▶ _PROBLEM DESCRIPTION_
An unaltered copy of the listing below is required.

==== DATA FOR ANALYSIS ====

definition Phi_d :: "nat \<Rightarrow> real \<Rightarrow> real" where
  "Phi_d d t = t * (1 + log_plus t ^ d)"

definition dyadics :: "nat \<Rightarrow> real set" where
  "dyadics k = {(1/2) ^ j | j. j \<le> k}"

text \<open>Points of R^n, n = CARD('m) + 2, are written (u, v, w) with u the first n-2
  coordinates, v = x_{n-1}, w = x_n. The rectangle R x [0,1] for R in R_k with sides s.\<close>
definition rect_tilde :: "nat \<Rightarrow> real^'m \<Rightarrow> ((real^'m) \<times> real \<times> real) set" where
  "rect_tilde k s = {(u, v, w). (\<forall>i. 0 \<le> u $ i \<and> u $ i \<le> s $ i) \<and>
      0 \<le> v \<and> v \<le> (1/2) ^ ((CARD('m) + 1) * k) / (\<Prod>i\<in>UNIV. s $ i) \<and>
      0 \<le> w \<and> w \<le> 1}"

definition R_tilde :: "((real^'m) \<times> real \<times> real) set set" where
  "R_tilde = (\<Union>k. {rect_tilde k s | s. \<forall>i. s $ i \<in> dyadics k})"

definition proj_last2 :: "((real^'m) \<times> real \<times> real) \<Rightarrow> real \<times> real" where
  "proj_last2 x = snd x"

end

theory Submission
  imports Defs
begin

text \<open>Let \<open>m = n - 2\<close> and fix \<open>K\<close>. Each of the \<open>(K+1)^m\<close> rectangles
  \<open>R \<times> [0,1]\<close> with \<open>R \<in> R_K\<close> has volume \<open>2^-(m+1)K\<close> and contains the corner box
  \<open>B = [0,2^-K]^m \<times> [0,2^-(m+1)K] \<times> [0,1]\<close>, so for \<open>f = 2^(mK+1) 1_B\<close> the maximal
  function exceeds \<open>1\<close> on all of them. Their union contains the disjoint shells on which every
  \<open>x_i\<close> lies in \<open>(s_i/2, s_i)\<close>, of total volume \<open>(K+1)^m 2^-m 2^-(m+1)K\<close>, whereas
  \<open>\<integral> \<Phi>(C f) = \<Phi>(2C 2^mK) |B|\<close>. A weak \<open>L^\<Phi>\<close> inequality thus forces
  \<open>(K+1)^m 2^mK \<le> 2^m \<Phi>(2C 2^mK)\<close> for every \<open>K\<close>: along \<open>t = 2C 2^mK\<close> the function
  \<open>\<Phi>(t)\<close> is at least of order \<open>t log^m t\<close>, contradicting \<open>\<Phi> = o(\<Phi>_m)\<close>. The
  projections to the \<open>x_(n-1) x_n\<close> plane are the rectangles \<open>[0,a] \<times> [0,1]\<close>, a chain.\<close>

lemma emeasure_cbox_cart:
  assumes "\<forall>i. a $ i \<le> b $ i"
  shows "emeasure lborel (cbox a (b :: real^'m)) = ennreal (\<Prod>i\<in>UNIV. b $ i - a $ i)"
proof -
  have "a \<in> cbox a b" using assms by (simp add: mem_box_cart)
  then have "cbox a b \<noteq> {}" by blast
  moreover have "emeasure lborel (cbox a b) = ennreal (measure lborel (cbox a b))"
    using emeasure_lborel_cbox_finite[of a b] by (intro emeasure_eq_ennreal_measure) auto
  ultimately show ?thesis by (simp add: content_cbox_cart)
qed

lemma emeasure_box_cart:
  "\<forall>i. a $ i \<le> b $ i \<Longrightarrow> emeasure lborel (box a (b :: real^'m)) = ennreal (\<Prod>i\<in>UNIV. b $ i - a $ i)"
  using emeasure_cbox_cart[of a b] by (simp add: emeasure_lborel_box_eq emeasure_lborel_cbox_eq)

lemma emeasure_lebesgue_Times3:
  fixes A :: "('a :: euclidean_space) set" and B :: "('b :: euclidean_space) set"
    and D :: "('c :: euclidean_space) set"
  assumes "A \<in> sets lborel" "B \<in> sets lborel" "D \<in> sets lborel"
  shows "emeasure lebesgue (A \<times> B \<times> D) = emeasure lborel A * emeasure lborel B * emeasure lborel D"
proof -
  have BD: "B \<times> D \<in> sets lborel" using assms by (metis lborel_prod pair_measureI)
  then have "A \<times> B \<times> D \<in> sets lborel" using assms by (metis lborel_prod pair_measureI)
  then have "emeasure lebesgue (A \<times> B \<times> D) = emeasure (lborel \<Otimes>\<^sub>M lborel) (A \<times> (B \<times> D))"
    by (simp add: lborel_prod)
  also have "\<dots> = emeasure lborel A * emeasure lborel (B \<times> D)"
    using assms BD by (intro lborel.emeasure_pair_measure_Times) simp_all
  also have "emeasure lborel (B \<times> D) = emeasure (lborel \<Otimes>\<^sub>M lborel) (B \<times> D)"
    by (simp add: lborel_prod)
  also have "\<dots> = emeasure lborel B * emeasure lborel D"
    using assms by (intro lborel.emeasure_pair_measure_Times) simp_all
  finally show ?thesis by (simp add: mult.assoc)
qed

lemma rect_tilde_eq_Times:
  "rect_tilde k (s :: real^'m) =
     cbox 0 s \<times> {0 .. (1/2) ^ ((CARD('m) + 1) * k) / (\<Prod>i\<in>UNIV. s $ i)} \<times> {0..1}"
  by (auto simp: rect_tilde_def mem_box_cart)

lemma emeasure_rect_tilde:
  assumes "\<forall>i. (s :: real^'m) $ i > 0"
  shows "emeasure lebesgue (rect_tilde k s) = ennreal ((1/2) ^ ((CARD('m) + 1) * k))"
proof -
  have "(\<Prod>i\<in>UNIV. s $ i) > 0" "\<And>i. s $ i \<noteq> 0"
    using assms by (auto simp: prod_pos dest: less_imp_neq[symmetric])
  then show ?thesis
    unfolding rect_tilde_eq_Times using assms
    by (subst emeasure_lebesgue_Times3)
      (auto simp: emeasure_cbox_cart less_imp_le ennreal_mult''[symmetric])
qed

definition dyadic_vec :: "('m \<Rightarrow> nat) \<Rightarrow> real^'m" where
  "dyadic_vec j = (\<chi> i. (1/2) ^ j i)"

definition corner_box :: "nat \<Rightarrow> ((real^'m) \<times> real \<times> real) set" where
  "corner_box K = cbox 0 (\<chi> i. (1/2) ^ K) \<times> {0 .. (1/2) ^ ((CARD('m) + 1) * K)} \<times> {0..1}"

definition dyadic_shell :: "nat \<Rightarrow> ('m \<Rightarrow> nat) \<Rightarrow> ((real^'m) \<times> real \<times> real) set" where
  "dyadic_shell K j = box (\<chi> i. (1/2) ^ (j i + 1)) (dyadic_vec j)
     \<times> {0 <..< (1/2) ^ ((CARD('m) + 1) * K) / (\<Prod>i\<in>UNIV. dyadic_vec j $ i)} \<times> {0<..<1}"

lemma dyadic_vec_pos: "dyadic_vec j $ i > 0"
  by (simp add: dyadic_vec_def)

lemma prod_dyadic_vec_bounds:
  "(\<Prod>i\<in>UNIV. dyadic_vec j $ i) > 0" "(\<Prod>i\<in>UNIV. dyadic_vec j $ i) \<le> 1"
  by (auto simp: dyadic_vec_def prod_pos intro!: prod_le_1 power_le_one)

lemma rect_tilde_dyadic_vec_in_R_tilde:
  assumes "\<forall>i. j i \<le> K"
  shows "rect_tilde K (dyadic_vec j) \<in> (R_tilde :: ((real^'m) \<times> real \<times> real) set set)"
proof -
  have "\<forall>i. dyadic_vec j $ i \<in> dyadics K"
    using assms by (auto simp: dyadic_vec_def dyadics_def)
  then show ?thesis unfolding R_tilde_def by blast
qed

====

▶ _RESPONSE TO THIS TASK_
definition Phi_d :: "nat \<Rightarrow> real \<Rightarrow> real" where
  "Phi_d d t = t * (1 + log_plus t ^ d)"

definition dyadics :: "nat \<Rightarrow> real set" where
  "dyadics k = {(1/2) ^ j | j. j \<le> k}"

text \<open>Points of R^n, n = CARD('m) + 2, are written (u, v, w) with u the first n-2
  coordinates, v = x_{n-1}, w = x_n. The rectangle R x [0,1] for R in R_k with sides s.\<close>
definition rect_tilde :: "nat \<Rightarrow> real^'m \<Rightarrow> ((real^'m) \<times> real \<times> real) set" where
  "rect_tilde k s = {(u, v, w). (\<forall>i. 0 \<le> u $ i \<and> u $ i \<le> s $ i) \<and>
      0 \<le> v \<and> v \<le> (1/2) ^ ((CARD('m) + 1) * k) / (\<Prod>i\<in>UNIV. s $ i) \<and>
      0 \<le> w \<and> w \<le> 1}"

definition R_tilde :: "((real^'m) \<times> real \<times> real) set set" where
  "R_tilde = (\<Union>k. {rect_tilde k s | s. \<forall>i. s $ i \<in> dyadics k})"

definition proj_last2 :: "((real^'m) \<times> real \<times> real) \<Rightarrow> real \<times> real" where
  "proj_last2 x = snd x"

end

theory Submission
  imports Defs
begin

text \<open>Let \<open>m = n - 2\<close> and fix \<open>K\<close>. Each of the \<open>(K+1)^m\<close> rectangles
  \<open>R \<times> [0,1]\<close> with \<open>R \<in> R_K\<close> has volume \<open>2^-(m+1)K\<close> and contains the corner box
  \<open>B = [0,2^-K]^m \<times> [0,2^-(m+1)K] \<times> [0,1]\<close>, so for \<open>f = 2^(mK+1) 1_B\<close> the maximal
  function exceeds \<open>1\<close> on all of them. Their union contains the disjoint shells on which every
  \<open>x_i\<close> lies in \<open>(s_i/2, s_i)\<close>, of total volume \<open>(K+1)^m 2^-m 2^-(m+1)K\<close>, whereas
  \<open>\<integral> \<Phi>(C f) = \<Phi>(2C 2^mK) |B|\<close>. A weak \<open>L^\<Phi>\<close> inequality thus forces
  \<open>(K+1)^m 2^mK \<le> 2^m \<Phi>(2C 2^mK)\<close> for every \<open>K\<close>: along \<open>t = 2C 2^mK\<close> the function
  \<open>\<Phi>(t)\<close> is at least of order \<open>t log^m t\<close>, contradicting \<open>\<Phi> = o(\<Phi>_m)\<close>. The
  projections to the \<open>x_(n-1) x_n\<close> plane are the rectangles \<open>[0,a] \<times> [0,1]\<close>, a chain.\<close>

lemma emeasure_cbox_cart:
  assumes "\<forall>i. a $ i \<le> b $ i"
  shows "emeasure lborel (cbox a (b :: real^'m)) = ennreal (\<Prod>i\<in>UNIV. b $ i - a $ i)"
proof -
  have "a \<in> cbox a b" using assms by (simp add: mem_box_cart)
  then have "cbox a b \<noteq> {}" by blast
  moreover have "emeasure lborel (cbox a b) = ennreal (measure lborel (cbox a b))"
    using emeasure_lborel_cbox_finite[of a b] by (intro emeasure_eq_ennreal_measure) auto
  ultimately show ?thesis by (simp add: content_cbox_cart)
qed

lemma emeasure_box_cart:
  "\<forall>i. a $ i \<le> b $ i \<Longrightarrow> emeasure lborel (box a (b :: real^'m)) = ennreal (\<Prod>i\<in>UNIV. b $ i - a $ i)"
  using emeasure_cbox_cart[of a b] by (simp add: emeasure_lborel_box_eq emeasure_lborel_cbox_eq)

lemma emeasure_lebesgue_Times3:
  fixes A :: "('a :: euclidean_space) set" and B :: "('b :: euclidean_space) set"
    and D :: "('c :: euclidean_space) set"
  assumes "A \<in> sets lborel" "B \<in> sets lborel" "D \<in> sets lborel"
  shows "emeasure lebesgue (A \<times> B \<times> D) = emeasure lborel A * emeasure lborel B * emeasure lborel D"
proof -
  have BD: "B \<times> D \<in> sets lborel" using assms by (metis lborel_prod pair_measureI)
  then have "A \<times> B \<times> D \<in> sets lborel" using assms by (metis lborel_prod pair_measureI)
  then have "emeasure lebesgue (A \<times> B \<times> D) = emeasure (lborel \<Otimes>\<^sub>M lborel) (A \<times> (B \<times> D))"
    by (simp add: lborel_prod)
  also have "\<dots> = emeasure lborel A * emeasure lborel (B \<times> D)"
    using assms BD by (intro lborel.emeasure_pair_measure_Times) simp_all
  also have "emeasure lborel (B \<times> D) = emeasure (lborel \<Otimes>\<^sub>M lborel) (B \<times> D)"
    by (simp add: lborel_prod)
  also have "\<dots> = emeasure lborel B * emeasure lborel D"
    using assms by (intro lborel.emeasure_pair_measure_Times) simp_all
  finally show ?thesis by (simp add: mult.assoc)
qed

lemma rect_tilde_eq_Times:
  "rect_tilde k (s :: real^'m) =
     cbox 0 s \<times> {0 .. (1/2) ^ ((CARD('m) + 1) * k) / (\<Prod>i\<in>UNIV. s $ i)} \<times> {0..1}"
  by (auto simp: rect_tilde_def mem_box_cart)

lemma emeasure_rect_tilde:
  assumes "\<forall>i. (s :: real^'m) $ i > 0"
  shows "emeasure lebesgue (rect_tilde k s) = ennreal ((1/2) ^ ((CARD('m) + 1) * k))"
proof -
  have "(\<Prod>i\<in>UNIV. s $ i) > 0" "\<And>i. s $ i \<noteq> 0"
    using assms by (auto simp: prod_pos dest: less_imp_neq[symmetric])
  then show ?thesis
    unfolding rect_tilde_eq_Times using assms
    by (subst emeasure_lebesgue_Times3)
      (auto simp: emeasure_cbox_cart less_imp_le ennreal_mult''[symmetric])
qed

definition dyadic_vec :: "('m \<Rightarrow> nat) \<Rightarrow> real^'m" where
  "dyadic_vec j = (\<chi> i. (1/2) ^ j i)"

definition corner_box :: "nat \<Rightarrow> ((real^'m) \<times> real \<times> real) set" where
  "corner_box K = cbox 0 (\<chi> i. (1/2) ^ K) \<times> {0 .. (1/2) ^ ((CARD('m) + 1) * K)} \<times> {0..1}"

definition dyadic_shell :: "nat \<Rightarrow> ('m \<Rightarrow> nat) \<Rightarrow> ((real^'m) \<times> real \<times> real) set" where
  "dyadic_shell K j = box (\<chi> i. (1/2) ^ (j i + 1)) (dyadic_vec j)
     \<times> {0 <..< (1/2) ^ ((CARD('m) + 1) * K) / (\<Prod>i\<in>UNIV. dyadic_vec j $ i)} \<times> {0<..<1}"

lemma dyadic_vec_pos: "dyadic_vec j $ i > 0"
  by (simp add: dyadic_vec_def)

lemma prod_dyadic_vec_bounds:
  "(\<Prod>i\<in>UNIV. dyadic_vec j $ i) > 0" "(\<Prod>i\<in>UNIV. dyadic_vec j $ i) \<le> 1"
  by (auto simp: dyadic_vec_def prod_pos intro!: prod_le_1 power_le_one)

lemma rect_tilde_dyadic_vec_in_R_tilde:
  assumes "\<forall>i. j i \<le> K"
  shows "rect_tilde K (dyadic_vec j) \<in> (R_tilde :: ((real^'m) \<times> real \<times> real) set set)"
proof -
  have "\<forall>i. dyadic_vec j $ i \<in> dyadics K"
    using assms by (auto simp: dyadic_vec_def dyadics_def)
  then show ?thesis unfolding R_tilde_def by blast
qed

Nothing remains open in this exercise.